Discussion in 'Journalism topics only' started by Rhouston, Aug 12, 2007.

  1. Rhouston

    Rhouston Member

    Hi all,

    First of all, let me just say that this Web site provides a great service to all aspiring and current sports journalists out there. Kudos to everyone who contributes.

    Getting to the point, the purpose of this post is for advice. I am a recent college graduate who is searching for a job. My junior year, I was my paper's assistant sports editor for the fall semester before venturing off to London in the spring. Needless to say, I was replaced for the rest of the year by someone else. My senior year, there was a need to fill the opinions editor position at the paper (a position that requires significantly less reporting), so I bucked up and took that position instead of applying for a higher-demanded sports editor or assistant position (anyway, both editors were returning, so I probably wouldn't have gotten either position).

    So I guess my question would be to any or all is how much that leave will affect my hiring status. Has anyone had a similar experience? I have plenty of clips, but the most recent sports-related one is from Fall 2005. Are those too old to send in? If that's the case, does anyone have suggestions?

    I am probably coming off as neurotic-sounding, but I'm not that type of person. I was sports director of my campus radio station last year and I applied for at least 60 production assistant/board op positions with no luck. So, I'm giving newspapers a shot now and would like to know if I have a chance at nailing a job at a semi-decent paper.

    Thanks in advance,

    Ross Houston
  2. mike311gd

    mike311gd Active Member

    If you've got clips, you probably have enough to get a job at a small-town paper, especially with a little bit of sports experience. But you probably shouldn't be real picky.

    I would keep trying for those radio gigs if I were you, if that's really what you want to do. When I graduated two years ago, I was told it took an average of nine months to get a communication-related job. I'm sure not much has changed, so don't get too down on yourself. Things will happen for you if you keep plugging away.
  3. BRoth

    BRoth Member

    I've always wanted to be the first to do this on a board...

    You're hired!
  4. jlee

    jlee Well-Known Member

    I just got done searching for a starting job myself. If you've got the time to wait for it (as well as the skill and willingness to work hard for little pay), what you want is out there.

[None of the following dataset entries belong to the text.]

lemma covering_injection_embedding:
  assumes \<sigma>: "inj_on \<sigma> (tree_verts D h)" and \<sigma>': "\<sigma>' \<in> injections (tree_verts D h) n"
    and F: "F \<subseteq> tree_edges D h" and cover: "(\<lambda>e. \<sigma> ` e) ` F \<subseteq> planted_edges D h \<sigma>'"
  obtains \<phi> where "\<phi> \<in> tree_embeddings D h F" "\<And>u. u \<in> \<Union>F \<Longrightarrow> \<sigma>' (\<phi> u) = \<sigma> u"
proof -
  let ?V = "tree_verts D h"
  have \<sigma>'_inj: "inj_on \<sigma>' ?V" using \<sigma>' by (simp add: injections_def)
  have match: "\<exists>e'\<in>tree_edges D h. \<sigma> ` e = \<sigma>' ` e'" if e: "e \<in> F" for e
  proof -
    have "\<sigma> ` e \<in> planted_edges D h \<sigma>'" using cover e by (rule subsetD[OF _ imageI])
    then show ?thesis by (auto simp: planted_edges_def)
  qed
  have range: "\<sigma> u \<in> \<sigma>' ` ?V" if u: "u \<in> \<Union>F" for u
  proof -
    obtain e where "e \<in> F" "u \<in> e" using u by blast
    moreover obtain e' where "e' \<in> tree_edges D h" "\<sigma> ` e = \<sigma>' ` e'" using match[OF \<open>e \<in> F\<close>] by blast
    ultimately have "\<sigma> u \<in> \<sigma>' ` e'" "e' \<subseteq> ?V" by (auto simp: tree_edge_subset)
    then show ?thesis by blast
  qed
  define \<phi> where "\<phi> = restrict (\<lambda>u. inv_into ?V \<sigma>' (\<sigma> u)) (\<Union>F)"
  have \<phi>: "\<sigma>' (\<phi> u) = \<sigma> u" if "u \<in> \<Union>F" for u
    using range[OF that] that by (simp add: \<phi>_def f_inv_into_f)
  have "\<phi> ` \<Union>F \<subseteq> ?V" using range by (auto simp: \<phi>_def intro!: inv_into_into)
  moreover have "inj_on \<phi> (\<Union>F)"
  proof (rule inj_onI)
    fix u1 u2 assume u: "u1 \<in> \<Union>F" "u2 \<in> \<Union>F" "\<phi> u1 = \<phi> u2"
    then have "\<sigma> u1 = \<sigma> u2" using \<phi>[of u1] \<phi>[of u2] by simp
    then show "u1 = u2" using \<sigma> Union_tree_edges_subset[OF F] u by (auto dest: inj_onD)
  qed
  moreover have "\<phi> ` e \<in> tree_edges D h" if e: "e \<in> F" for e
  proof -
    obtain e' where e': "e' \<in> tree_edges D h" "\<sigma> ` e = \<sigma>' ` e'" using match[OF e] by blast
    have "\<phi> ` e = (\<lambda>u. inv_into ?V \<sigma>' (\<sigma> u)) ` e" using e by (intro image_cong) (auto simp: \<phi>_def)
    also have "\<dots> = inv_into ?V \<sigma>' ` \<sigma> ` e" by (simp add: image_image)
    also have "\<dots> = e'"
      using e' \<sigma>'_inj tree_edge_subset by (simp add: inv_into_image_cancel)
    finally show ?thesis using e' by simp
  qed
  moreover have "\<phi> \<in> extensional (\<Union>F)" by (simp add: \<phi>_def)
  ultimately have "\<phi> \<in> tree_embeddings D h F" unfolding tree_embeddings_def by blast
  then show thesis using that \<phi> by blast
qed

lemma card_covering_injections_le:
  assumes \<sigma>: "\<sigma> \<in> injections (tree_verts D h) n" and F: "F \<subseteq> tree_edges D h"
    and n: "card (tree_verts D h) \<le> n"
  shows "real (card {\<sigma>' \<in> injections (tree_verts D h) n. (\<lambda>e. \<sigma> ` e) ` F \<subseteq> planted_edges D h \<sigma>'})
          * (real n - real (card (tree_verts D h))) ^ card (\<Union>F)
       \<le> real (card (tree_embeddings D h F)) * real (card (injections (tree_verts D h) n))"
proof -
  define V where "V = tree_verts D h"
  define I where "I = injections V n"
  define W where "W = \<Union>F"
  define \<Phi> where "\<Phi> = tree_embeddings D h F"
  define Y where "Y = (\<lambda>\<phi>. {\<sigma>' \<in> I. \<forall>u\<in>W. \<sigma>' (\<phi> u) = \<sigma> u})"
  define c where "c = real n - real (card V)"
  have c: "0 \<le> c" using n by (simp add: c_def V_def)
  have finI: "finite I" by (simp add: I_def V_def finite_injections finite_tree_verts)
  have fin\<Phi>: "finite \<Phi>" unfolding \<Phi>_def using F by (rule card_tree_embeddings_le(1))
  have inj\<sigma>: "inj_on \<sigma> V" using \<sigma> by (simp add: injections_def V_def)
  have cover: "{\<sigma>' \<in> I. (\<lambda>e. \<sigma> ` e) ` F \<subseteq> planted_edges D h \<sigma>'} \<subseteq> (\<Union>\<phi>\<in>\<Phi>. Y \<phi>)"
  proof
    fix \<sigma>' assume "\<sigma>' \<in> {\<sigma>' \<in> I. (\<lambda>e. \<sigma> ` e) ` F \<subseteq> planted_edges D h \<sigma>'}"
    then have \<sigma>': "\<sigma>' \<in> injections (tree_verts D h) n" "(\<lambda>e. \<sigma> ` e) ` F \<subseteq> planted_edges D h \<sigma>'"
      by (auto simp: I_def V_def)
    obtain \<phi> where "\<phi> \<in> \<Phi>" "\<And>u. u \<in> W \<Longrightarrow> \<sigma>' (\<phi> u) = \<sigma> u"
      using covering_injection_embedding[OF inj\<sigma>[unfolded V_def] \<sigma>'(1) F \<sigma>'(2)]
      unfolding \<Phi>_def W_def by blast
    then show "\<sigma>' \<in> (\<Union>\<phi>\<in>\<Phi>. Y \<phi>)" using \<sigma>' by (auto simp: Y_def I_def V_def)
  qed
  have Y: "real (card (Y \<phi>)) * c ^ card W \<le> real (card I)" if "\<phi> \<in> \<Phi>" for \<phi>
  proof -
    have inj\<phi>: "inj_on \<phi> W" and \<phi>W: "\<phi> ` W \<subseteq> V"
      using that by (auto simp: \<Phi>_def tree_embeddings_def W_def V_def)
    have "Y \<phi> = {\<sigma>' \<in> I. \<forall>p\<in>\<phi> ` W. \<sigma>' p = \<sigma> (the_inv_into W \<phi> p)}"
      using inj\<phi> by (auto simp: Y_def the_inv_into_f_f)
    moreover have "card (\<phi> ` W) = card W" using inj\<phi> by (rule card_image)
    ultimately show ?thesis
      using card_injections_fixed_le[OF _ _ \<phi>W, of n "\<lambda>p. \<sigma> (the_inv_into W \<phi> p)"] n
      by (simp add: I_def c_def V_def finite_tree_verts)
  qed
  have "card {\<sigma>' \<in> I. (\<lambda>e. \<sigma> ` e) ` F \<subseteq> planted_edges D h \<sigma>'} \<le> card (\<Union>\<phi>\<in>\<Phi>. Y \<phi>)"
    using cover fin\<Phi> finI by (intro card_mono) (auto simp: Y_def)
  also have "\<dots> \<le> (\<Sum>\<phi>\<in>\<Phi>. card (Y \<phi>))" using fin\<Phi> by (rule card_UN_le)
  finally have "real (card {\<sigma>' \<in> I. (\<lambda>e. \<sigma> ` e) ` F \<subseteq> planted_edges D h \<sigma>'}) * c ^ card W
      \<le> (\<Sum>\<phi>\<in>\<Phi>. real (card (Y \<phi>))) * c ^ card W"
    using c by (intro mult_right_mono) (simp_all flip: of_nat_sum)
  also have "\<dots> \<le> (\<Sum>\<phi>\<in>\<Phi>. real (card I))"
    unfolding sum_distrib_right using Y by (rule sum_mono)
  finally show ?thesis by (simp add: I_def V_def W_def c_def \<Phi>_def)
qed

lemma sum_power_card_Int_eq:
  fixes x :: real
  assumes I: "finite I" and S: "finite S"
  shows "(\<Sum>\<sigma>\<in>I. x ^ card (S \<inter> T \<sigma>))
       = (\<Sum>F\<in>Pow S. (x - 1) ^ card F * real (card {\<sigma> \<in> I. F \<subseteq> T \<sigma>}))"
proof -
  have binomial: "x ^ card A = (\<Sum>F\<in>Pow A. (x - 1) ^ card F)" if "finite A" for A :: "'b set"
    using prod_add[OF that, of "\<lambda>_. x - 1" "\<lambda>_. 1"] by simp
  have "(\<Sum>\<sigma>\<in>I. x ^ card (S \<inter> T \<sigma>)) = (\<Sum>\<sigma>\<in>I. \<Sum>F\<in>Pow S. if F \<subseteq> T \<sigma> then (x - 1) ^ card F else 0)"
  proof (rule sum.cong[OF refl])
    fix \<sigma>
    have "x ^ card (S \<inter> T \<sigma>) = (\<Sum>F\<in>Pow (S \<inter> T \<sigma>). (x - 1) ^ card F)"
      using S by (simp add: binomial)
    also have "Pow (S \<inter> T \<sigma>) = {F \<in> Pow S. F \<subseteq> T \<sigma>}" by auto
    also have "(\<Sum>F\<in>\<dots>. (x - 1) ^ card F) = (\<Sum>F\<in>Pow S. if F \<subseteq> T \<sigma> then (x - 1) ^ card F else 0)"
      by (rule sum.inter_filter) (simp add: S)
    finally show "x ^ card (S \<inter> T \<sigma>) = (\<Sum>F\<in>Pow S. if F \<subseteq> T \<sigma> then (x - 1) ^ card F else 0)" .
  qed
  also have "\<dots> = (\<Sum>F\<in>Pow S. \<Sum>\<sigma>\<in>I. if F \<subseteq> T \<sigma> then (x - 1) ^ card F else 0)"
    by (rule sum.swap)
  also have "\<dots> = (\<Sum>F\<in>Pow S. (x - 1) ^ card F * real (card {\<sigma> \<in> I. F \<subseteq> T \<sigma>}))"
    using I by (simp add: sum.inter_filter[symmetric] mult.commute)
  finally show ?thesis .
qed

text \<open>An injection \<open>\<sigma>'\<close> whose planted edges contain \<open>F\<close> satisfies \<open>\<sigma>' \<circ> \<phi> = \<sigma>\<close> on the vertices of
  the forest \<open>F0 = {e. \<sigma> ` e \<in> F}\<close> for a tree embedding \<open>\<phi>\<close> of \<open>F0\<close>; the surplus \<open>j\<close> of vertices over
  edges of \<open>F0\<close> yields the factor \<open>K / n\<close> in the second moment.\<close>
lemma card_injections_containing_le:
  fixes \<sigma> :: "nat list \<Rightarrow> nat" and D h n :: nat
  defines "K \<equiv> card (tree_verts D h)" and "I \<equiv> injections (tree_verts D h) n"
  assumes \<sigma>: "\<sigma> \<in> I" and F: "F \<subseteq> planted_edges D h \<sigma>" "F \<noteq> {}" and n: "K \<le> n"
  obtains j where "1 \<le> j"
    and "real (card {\<sigma>' \<in> I. F \<subseteq> planted_edges D h \<sigma>'}) * (real n - real K) ^ (j + card F)
         \<le> real K ^ j * (real D + 1) ^ card F * real (card I)"
proof -
  define F0 where "F0 = {e \<in> tree_edges D h. \<sigma> ` e \<in> F}"
  have F0: "F0 \<subseteq> tree_edges D h" by (auto simp: F0_def)
  have img: "(\<lambda>e. \<sigma> ` e) ` F0 = F" using F(1) by (auto simp: F0_def planted_edges_def)
  have "inj_on (\<lambda>e. \<sigma> ` e) F0"
    using inj_on_image_tree_edges[of \<sigma> D h] \<sigma> F0 by (auto simp: I_def injections_def intro: inj_on_subset)
  then have "card ((\<lambda>e. \<sigma> ` e) ` F0) = card F0" by (rule card_image)
  then have card_F0: "card F0 = card F" using img by simp
  define j where "j = card (\<Union>F0) - card F"
  have "F0 \<noteq> {}" using img F(2) by auto
  then have "card F < card (\<Union>F0)" using card_lt_card_Union_tree_edges[OF F0] card_F0 by simp
  then have j: "1 \<le> j" "card (\<Union>F0) = j + card F" by (auto simp: j_def)
  show thesis
  proof (rule that[OF j(1)])
    have "real (card {\<sigma>' \<in> I. F \<subseteq> planted_edges D h \<sigma>'}) * (real n - real K) ^ (j + card F)
        \<le> real (card (tree_embeddings D h F0)) * real (card I)"
      using card_covering_injections_le[OF \<sigma>[unfolded I_def] F0 n[unfolded K_def]]
      by (simp add: img j(2) I_def K_def)
    also have "\<dots> \<le> real K ^ j * (real D + 1) ^ card F * real (card I)"
    proof (rule mult_right_mono)
      have "card (tree_embeddings D h F0) \<le> K ^ j * (D + 1) ^ card F"
        using card_tree_embeddings_le(2)[OF F0] card_F0 by (simp add: K_def j_def)
      then have "real (card (tree_embeddings D h F0)) \<le> real (K ^ j * (D + 1) ^ card F)"
        by (simp only: of_nat_le_iff)
      then show "real (card (tree_embeddings D h F0)) \<le> real K ^ j * (real D + 1) ^ card F"
        by (simp add: add.commute)
    qed simp
    finally show "real (card {\<sigma>' \<in> I. F \<subseteq> planted_edges D h \<sigma>'}) * (real n - real K) ^ (j + card F)
        \<le> real K ^ j * (real D + 1) ^ card F * real (card I)" .
  qed
qed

    As far as the timeliness of your clips, I've seen people hired at small dailies with 4-year-old clips from their high school days, if that's any consolation.

    Good luck.
  5. Moderator1

    Moderator1 Moderator Staff Member

    Just asking - why would you want to be the first to make people say "what an asshole" so early in the morning?
    Guy comes on, asks a legit and serious question *** not every thread has to be goofy central. Some people want actual, intelligent discussion.
    And while it sounds like I'm jumping your ass specifically, I'm not.
  6. In Cold Blood

    In Cold Blood Member

    If you've got clips that show you can write and report, I don't think the fact that they're a little dated will matter, especially since you have a logical explanation - 'hey I was the op-ed editor - for the gap.
    My advice - apply, apply, apply. And then apply again. Just when you think you'll never get a call back, you'll get three in the same week. The key is getting your name and your clips out there.

    And if you're concerned about the timeliness of your clips, call the local paper's SE and see about stringing some HS football games this fall to pick up some fresh clips while you continue your job hunt.

    Best wishes,
  7. Screwball

    Screwball Member

    Get some professional experience. Most editors do not hire off college clips alone, no matter what you might have written about.

    ICB's idea above is excellent, and now is the time to call. Most papers want their high school football coverage staff in place well before school starts.

    Also, consider an internship. Some pay, and some don't (and some are limited to currently enrolled students so they can give you credit instead of paying you). But getting that foot in the door means professional clips -- and, just as important, feedback from professional editors and contacts for networking. If that paper doesn't have a full-time opening but that sports editor hears of another that does, he can pass that along. Or, if you cover an event with reporters from other papers, you might get a job lead that way.

    Finally, the more flexible you are in where you'll live, the better your chances.

    Oh, and don't ever regret the semester in London.

    Good luck.
  8. Rhouston

    Rhouston Member

    Thanks for everyone's advice. I did some serious applyage (great word) today, and tomorrow, I'm going to be contacting the Daily Herald (the Chicagoland Suburban paper) to see if they need any stringer help.

    I'll keep you all updated on how everything goes, even though Roth already hired me.